(* Let $\Theta\subset\{1,\dots,n\}$ be non-empty. If $\Theta$ contains an odd integer, then the flag manifold $\mathcal F_\Theta$ of $\mathrm{Sp}(2n,\mathbb R)$ has Property (I).
   Context: $Je_i=(-1)^ie_{2n-i+1}$, $\omega(x,y)=x^TJy$, $\mathrm{Sp}(2n,\mathbb R)=\{g:g^TJg=J\}$. $\mathcal F_\Theta$ is the space of isotropic $\Theta$-flags $(V^i)_{i\in\Theta}$ ($V^i$ $\omega$-isotropic, $\dim V^i=i$, nested); flags $V,W$ are antipodal if $V^i\oplus (W^i)^{\perp_\omega}=\mathbb R^{2n}$ for all $i\in\Theta$, and $C(\tau)$ is the set of flags antipodal to $\tau$. $\tau_\Theta^i=\mathrm{Span}\{e_1,\dots,e_i\}$, $(\tau_\Theta^{\rm opp})^i=\mathrm{Span}\{e_{2n},\dots,e_{2n-i+1}\}$; $U_\Theta$ is the unipotent radical of the stabilizer $P_\Theta$ of $\tau_\Theta$, and each $\tau\in C(\tau_\Theta)$ is uniquely $u_\tau\tau^{\rm opp}_\Theta$ with $u_\tau\in U_\Theta$. The inversion map $\iota:C(\tau_\Theta)\to C(\tau_\Theta)$ is $\iota(\tau)=u_\tau^{-1}\tau^{\rm opp}_\Theta$; it preserves $C(\tau_\Theta)\cap C(\tau^{\rm opp}_\Theta)$. $\mathcal F_\Theta$ has Property (I) if $\iota$ leaves no connected component of $C(\tau_\Theta)\cap C(\tau^{\rm opp}_\Theta)$ invariant. *)

theory Defs
  imports "HOL-Analysis.Analysis"
begin

text \<open>Vectors of R^m are functions nat => real supported on {1..m};
  m x m matrices are functions nat => nat => real supported on {1..m} x {1..m}.
  Throughout, m = 2n.\<close>

type_synonym vect = "nat \<Rightarrow> real"
type_synonym matr = "nat \<Rightarrow> nat \<Rightarrow> real"

definition Rn :: "nat \<Rightarrow> vect set" where
  "Rn m = {x. \<forall>k. k \<notin> {1..m} \<longrightarrow> x k = 0}"

definition Mats :: "nat \<Rightarrow> matr set" where
  "Mats m = {A. \<forall>i j. (i \<notin> {1..m} \<or> j \<notin> {1..m}) \<longrightarrow> A i j = 0}"

definition vzero :: vect where "vzero = (\<lambda>k. 0)"
definition vadd :: "vect \<Rightarrow> vect \<Rightarrow> vect" where "vadd x y = (\<lambda>k. x k + y k)"
definition vsub :: "vect \<Rightarrow> vect \<Rightarrow> vect" where "vsub x y = (\<lambda>k. x k - y k)"

definition ev :: "nat \<Rightarrow> vect" where "ev i = (\<lambda>k. if k = i then 1 else 0)"

definition lin_comb :: "(nat \<Rightarrow> real) \<Rightarrow> vect list \<Rightarrow> vect" where
  "lin_comb c vs = (\<lambda>k. \<Sum>j<length vs. c j * (vs ! j) k)"

definition lspan :: "vect list \<Rightarrow> vect set" where
  "lspan vs = {lin_comb c vs | c. True}"

definition lin_indep :: "vect list \<Rightarrow> bool" where
  "lin_indep vs \<longleftrightarrow> (\<forall>c. lin_comb c vs = vzero \<longrightarrow> (\<forall>j<length vs. c j = 0))"

definition subspace_dim :: "nat \<Rightarrow> vect set \<Rightarrow> nat \<Rightarrow> bool" where
  "subspace_dim m W d \<longleftrightarrow>
     (\<exists>vs. length vs = d \<and> set vs \<subseteq> Rn m \<and> lin_indep vs \<and> lspan vs = W)"

definition mvec :: "nat \<Rightarrow> matr \<Rightarrow> vect \<Rightarrow> vect" where
  "mvec m A x = (\<lambda>i. \<Sum>k\<in>{1..m}. A i k * x k)"

definition mmul :: "nat \<Rightarrow> matr \<Rightarrow> matr \<Rightarrow> matr" where
  "mmul m A B = (\<lambda>i j. \<Sum>k\<in>{1..m}. A i k * B k j)"

definition mtrans :: "matr \<Rightarrow> matr" where "mtrans A = (\<lambda>i j. A j i)"

definition idm :: "nat \<Rightarrow> matr" where
  "idm m = (\<lambda>i j. if i = j \<and> i \<in> {1..m} then 1 else 0)"

definition minv :: "nat \<Rightarrow> matr \<Rightarrow> matr" where
  "minv m A = (THE B. B \<in> Mats m \<and> mmul m B A = idm m \<and> mmul m A B = idm m)"

definition Jm :: "nat \<Rightarrow> matr" where
  "Jm n = (\<lambda>a i. if a \<in> {1..2*n} \<and> i \<in> {1..2*n} \<and> a + i = 2*n + 1
                  then (-1::real) ^ i else 0)"

definition omega :: "nat \<Rightarrow> vect \<Rightarrow> vect \<Rightarrow> real" where
  "omega n x y = (\<Sum>a\<in>{1..2*n}. x a * mvec (2*n) (Jm n) y a)"

definition Sp :: "nat \<Rightarrow> matr set" where
  "Sp n = {g \<in> Mats (2*n). mmul (2*n) (mtrans g) (mmul (2*n) (Jm n) g) = Jm n}"

definition isotropic :: "nat \<Rightarrow> vect set \<Rightarrow> bool" where
  "isotropic n W \<longleftrightarrow> (\<forall>x\<in>W. \<forall>y\<in>W. omega n x y = 0)"

definition omega_perp :: "nat \<Rightarrow> vect set \<Rightarrow> vect set" where
  "omega_perp n W = {y \<in> Rn (2*n). \<forall>x\<in>W. omega n x y = 0}"

text \<open>A Theta-flag is a map i |-> V^i, with V^i = {} for i not in Theta.\<close>
type_synonym flag = "nat \<Rightarrow> vect set"

definition iso_flags :: "nat \<Rightarrow> nat set \<Rightarrow> flag set" where
  "iso_flags n \<Theta> = {V.
      (\<forall>i\<in>\<Theta>. subspace_dim (2*n) (V i) i \<and> isotropic n (V i)) \<and>
      (\<forall>i\<in>\<Theta>. \<forall>j\<in>\<Theta>. i \<le> j \<longrightarrow> V i \<subseteq> V j) \<and>
      (\<forall>i. i \<notin> \<Theta> \<longrightarrow> V i = {})}"

definition direct_sum_eq :: "nat \<Rightarrow> vect set \<Rightarrow> vect set \<Rightarrow> bool" where
  "direct_sum_eq m A B \<longleftrightarrow> {vadd x y | x y. x \<in> A \<and> y \<in> B} = Rn m \<and> A \<inter> B = {vzero}"

definition antipodal :: "nat \<Rightarrow> nat set \<Rightarrow> flag \<Rightarrow> flag \<Rightarrow> bool" where
  "antipodal n \<Theta> V W \<longleftrightarrow> (\<forall>i\<in>\<Theta>. direct_sum_eq (2*n) (V i) (omega_perp n (W i)))"

definition Cset :: "nat \<Rightarrow> nat set \<Rightarrow> flag \<Rightarrow> flag set" where
  "Cset n \<Theta> \<tau> = {V \<in> iso_flags n \<Theta>. antipodal n \<Theta> V \<tau>}"

definition tau :: "nat set \<Rightarrow> flag" where
  "tau \<Theta> = (\<lambda>i. if i \<in> \<Theta> then lspan (map ev [1..<i+1]) else {})"

definition tau_opp :: "nat \<Rightarrow> nat set \<Rightarrow> flag" where
  "tau_opp n \<Theta> = (\<lambda>i. if i \<in> \<Theta> then lspan (map ev [2*n-i+1..<2*n+1]) else {})"

definition act :: "nat \<Rightarrow> matr \<Rightarrow> flag \<Rightarrow> flag" where
  "act n g V = (\<lambda>i. mvec (2*n) g ` V i)"

text \<open>Unipotent radical of the stabilizer P_Theta of tau_Theta: the elements of Sp(2n)
  preserving the filtration
  0 < tau^(t1) < ... < tau^(tk) < (tau^(tk))^perp < ... < (tau^(t1))^perp < R^2n
  and acting trivially on its successive quotients.  Here (tau^i)^perp = span(e_1..e_(2n-i)).\<close>
definition Estd :: "nat \<Rightarrow> vect set" where
  "Estd k = lspan (map ev [1..<k+1])"

definition filt_idx :: "nat \<Rightarrow> nat set \<Rightarrow> nat set" where
  "filt_idx n \<Theta> = {0, 2*n} \<union> \<Theta> \<union> (\<lambda>k. 2*n - k) ` \<Theta>"

definition U_Theta :: "nat \<Rightarrow> nat set \<Rightarrow> matr set" where
  "U_Theta n \<Theta> = {g \<in> Sp n. \<forall>k\<in>filt_idx n \<Theta>. \<forall>k'\<in>filt_idx n \<Theta>.
      (k < k' \<and> (\<forall>m\<in>filt_idx n \<Theta>. \<not> (k < m \<and> m < k'))) \<longrightarrow>
      (\<forall>v\<in>Estd k'. vsub (mvec (2*n) g v) v \<in> Estd k)}"

definition u_of :: "nat \<Rightarrow> nat set \<Rightarrow> flag \<Rightarrow> matr" where
  "u_of n \<Theta> V = (THE u. u \<in> U_Theta n \<Theta> \<and> act n u (tau_opp n \<Theta>) = V)"

definition iota :: "nat \<Rightarrow> nat set \<Rightarrow> flag \<Rightarrow> flag" where
  "iota n \<Theta> V = act n (minv (2*n) (u_of n \<Theta> V)) (tau_opp n \<Theta>)"

text \<open>Topology: a subspace is identified with its orthogonal projection matrix
  (standard embedding of the Grassmannian); a flag with the tuple of these.\<close>
definition vinner :: "nat \<Rightarrow> vect \<Rightarrow> vect \<Rightarrow> real" where
  "vinner m x y = (\<Sum>k\<in>{1..m}. x k * y k)"

definition projm :: "nat \<Rightarrow> vect set \<Rightarrow> matr" where
  "projm m W = (THE P. P \<in> Mats m \<and>
      (\<forall>x\<in>Rn m. mvec m P x \<in> W \<and> (\<forall>w\<in>W. vinner m (vsub x (mvec m P x)) w = 0)))"

definition flag_embed :: "nat \<Rightarrow> nat set \<Rightarrow> flag \<Rightarrow> (nat \<Rightarrow> matr)" where
  "flag_embed n \<Theta> V = (\<lambda>i. if i \<in> \<Theta> then projm (2*n) (V i) else (\<lambda>a b. 0))"

definition flag_top :: "nat \<Rightarrow> nat set \<Rightarrow> flag topology" where
  "flag_top n \<Theta> = pullback_topology (iso_flags n \<Theta>) (flag_embed n \<Theta>) euclidean"

definition Property_I :: "nat \<Rightarrow> nat set \<Rightarrow> bool" where
  "Property_I n \<Theta> \<longleftrightarrow>
     (\<forall>K \<in> connected_components_of
            (subtopology (flag_top n \<Theta>) (Cset n \<Theta> (tau \<Theta>) \<inter> Cset n \<Theta> (tau_opp n \<Theta>))).
        iota n \<Theta> ` K \<noteq> K)"

end

(* For a flag V antipodal to tau, the element u_V of U_Theta with V = u_V tau_opp is upper
   unitriangular, and iota(V) = u_V^-1 tau_opp where u_V^-1 = J^-1 u_V^T J.  Fix an odd k in Theta
   and, for a flag W, let T(W) and B(W) be the k x k blocks of the orthogonal projection onto W^k
   formed by its last k columns and its first resp. last k rows.  The function
   Phi(W) = det T(W) * det B(W) is continuous, and it vanishes nowhere on C(tau) meet C(tau_opp)
   because there W^k is transverse to both coordinate complements.  If W^k = g tau_opp^k, then
   Phi(W) = det T(g) * det B(g) * (det Q)^2 for some Q, with T(g), B(g) the corresponding blocks
   of g.  For unitriangular u one has det B(u) = 1, and T(u^-1) is minus a signed anti-transpose
   of T(u), so det T(u^-1) = (-1)^k det T(u) = - det T(u).  Hence Phi(V) and Phi(iota V) have
   opposite signs, whereas Phi has constant sign on each connected component. *)

theory Submission
  imports Defs "Jordan_Normal_Form.Determinant"
begin

section \<open>Coordinate subspaces\<close>

definition supported_on :: "nat set \<Rightarrow> vect set" where
  "supported_on S = {x. \<forall>c. c \<notin> S \<longrightarrow> x c = 0}"

lemma supported_on_iff: "x \<in> supported_on S \<longleftrightarrow> (\<forall>c. c \<notin> S \<longrightarrow> x c = 0)"
  by (simp add: supported_on_def)

lemma supported_on_mono: "S \<subseteq> S' \<Longrightarrow> supported_on S \<subseteq> supported_on S'"
  by (auto simp: supported_on_def)

lemma ev_in_supported_on: "c \<in> S \<Longrightarrow> ev c \<in> supported_on S"
  by (auto simp: supported_on_def ev_def)

lemma lin_comb_map: "lin_comb c (map f [a..<b]) k = (\<Sum>j<b-a. c j * f (a+j) k)"
  unfolding lin_comb_def by (auto intro!: sum.cong)

lemma sum_times_ev:
  "finite S \<Longrightarrow> (\<Sum>c\<in>S. x c * ev c k) = (if k \<in> S then x k else 0)"
  by (simp add: ev_def if_distrib cong: if_cong)

lemma lspan_ev_upt: "lspan (map ev [a..<b]) = supported_on {a..<b}"
proof (intro equalityI subsetI)
  fix x assume "x \<in> lspan (map ev [a..<b])"
  then obtain c where x: "x = lin_comb c (map ev [a..<b])" unfolding lspan_def by auto
  show "x \<in> supported_on {a..<b}" unfolding supported_on_iff x lin_comb_map
    by (auto simp: ev_def intro!: sum.neutral)
next
  fix x assume x: "x \<in> supported_on {a..<b}"
  have "x = lin_comb (\<lambda>j. x (a+j)) (map ev [a..<b])"
  proof
    fix k
    have "lin_comb (\<lambda>j. x (a+j)) (map ev [a..<b]) k = (\<Sum>j<b-a. x (a+j) * ev (a+j) k)"
      by (simp add: lin_comb_map)
    also have "\<dots> = (\<Sum>c\<in>{a..<b}. x c * ev c k)"
      by (rule sum.reindex_bij_witness[of _ "\<lambda>c. c - a" "\<lambda>j. a + j"]) auto
    also have "(\<Sum>c\<in>{a..<b}. x c * ev c k) = x k"
      using x by (auto simp: sum_times_ev supported_on_iff)
    finally show "x k = lin_comb (\<lambda>j. x (a+j)) (map ev [a..<b]) k" by simp
  qed
  then show "x \<in> lspan (map ev [a..<b])" unfolding lspan_def by blast
qed

lemma minus_ev_supported_onD:
  assumes "(\<lambda>k. y k - ev c k) \<in> supported_on {1..p}" "p < c"
  shows "y \<in> supported_on {1..c}" "y c = 1"
proof -
  have y: "y k = (if k = c then 1 else 0)" if "k \<notin> {1..p}" for k
    using assms(1) that unfolding supported_on_def ev_def by auto
  show "y c = 1" using y[of c] assms(2) by auto
  show "y \<in> supported_on {1..c}" unfolding supported_on_iff
  proof (intro allI impI)
    fix k assume "k \<notin> {1..c}"
    then show "y k = 0" using y[of k] assms(2) by (cases "k = c") auto
  qed
qed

The task
Using only the data above, copy out the lines that include the word "imports".

Task solution
  imports "HOL-Analysis.Analysis"
  imports Defs "Jordan_Normal_Form.Determinant"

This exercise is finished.